Search the data for "forall". Each line containing it is to be copied.

(Collected data entries)
——————
subsection \<open>A strong law of large numbers for the additive functional\<close>

lemma disjoint_family_on_path_cylinders:
  "disjoint_family_on (\<lambda>xs. {\<omega>\<in>\<Omega>. \<forall>i\<le>n. w i \<omega> = xs i}) (env_paths n)"
proof -
  have "xs = ys" if "xs \<in> env_paths n" "ys \<in> env_paths n" "\<forall>i\<le>n. w i \<omega> = xs i" "\<forall>i\<le>n. w i \<omega> = ys i"
    for xs ys \<omega>
    by (rule PiE_ext[of _ "{..n}" "\<lambda>_. UNIV"]) (use that in \<open>auto simp: env_paths_def\<close>)
  then show ?thesis unfolding disjoint_family_on_def by blast
qed

lemma path_event_eq_Union_cylinders:
  "{\<omega>\<in>\<Omega>. Q (restrict (\<lambda>i. w i \<omega>) {..n})}
   = (\<Union>xs\<in>{xs\<in>env_paths n. Q xs}. {\<omega>\<in>\<Omega>. \<forall>i\<le>n. w i \<omega> = xs i})"
proof (intro set_eqI iffI)
  fix \<omega> assume "\<omega> \<in> {\<omega>\<in>\<Omega>. Q (restrict (\<lambda>i. w i \<omega>) {..n})}"
  then show "\<omega> \<in> (\<Union>xs\<in>{xs\<in>env_paths n. Q xs}. {\<omega>\<in>\<Omega>. \<forall>i\<le>n. w i \<omega> = xs i})"
    by (intro UN_I[of "restrict (\<lambda>i. w i \<omega>) {..n}"]) (auto simp: env_paths_def)
next
  fix \<omega> assume "\<omega> \<in> (\<Union>xs\<in>{xs\<in>env_paths n. Q xs}. {\<omega>\<in>\<Omega>. \<forall>i\<le>n. w i \<omega> = xs i})"
  then obtain xs where xs: "xs \<in> env_paths n" "Q xs" "\<omega> \<in> \<Omega>" "\<forall>i\<le>n. w i \<omega> = xs i" by blast
  then have "restrict (\<lambda>i. w i \<omega>) {..n} = xs"
    by (intro PiE_ext[of _ "{..n}" "\<lambda>_. UNIV"]) (auto simp: env_paths_def)
  then show "\<omega> \<in> {\<omega>\<in>\<Omega>. Q (restrict (\<lambda>i. w i \<omega>) {..n})}"
    using xs by auto
qed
——————
* _FINISHED EXERCISE_:
  "disjoint_family_on (\<lambda>xs. {\<omega>\<in>\<Omega>. \<forall>i\<le>n. w i \<omega> = xs i}) (env_paths n)"
  have "xs = ys" if "xs \<in> env_paths n" "ys \<in> env_paths n" "\<forall>i\<le>n. w i \<omega> = xs i" "\<forall>i\<le>n. w i \<omega> = ys i"
   = (\<Union>xs\<in>{xs\<in>env_paths n. Q xs}. {\<omega>\<in>\<Omega>. \<forall>i\<le>n. w i \<omega> = xs i})"
  then show "\<omega> \<in> (\<Union>xs\<in>{xs\<in>env_paths n. Q xs}. {\<omega>\<in>\<Omega>. \<forall>i\<le>n. w i \<omega> = xs i})"
  fix \<omega> assume "\<omega> \<in> (\<Union>xs\<in>{xs\<in>env_paths n. Q xs}. {\<omega>\<in>\<Omega>. \<forall>i\<le>n. w i \<omega> = xs i})"
  then obtain xs where xs: "xs \<in> env_paths n" "Q xs" "\<omega> \<in> \<Omega>" "\<forall>i\<le>n. w i \<omega> = xs i" by blast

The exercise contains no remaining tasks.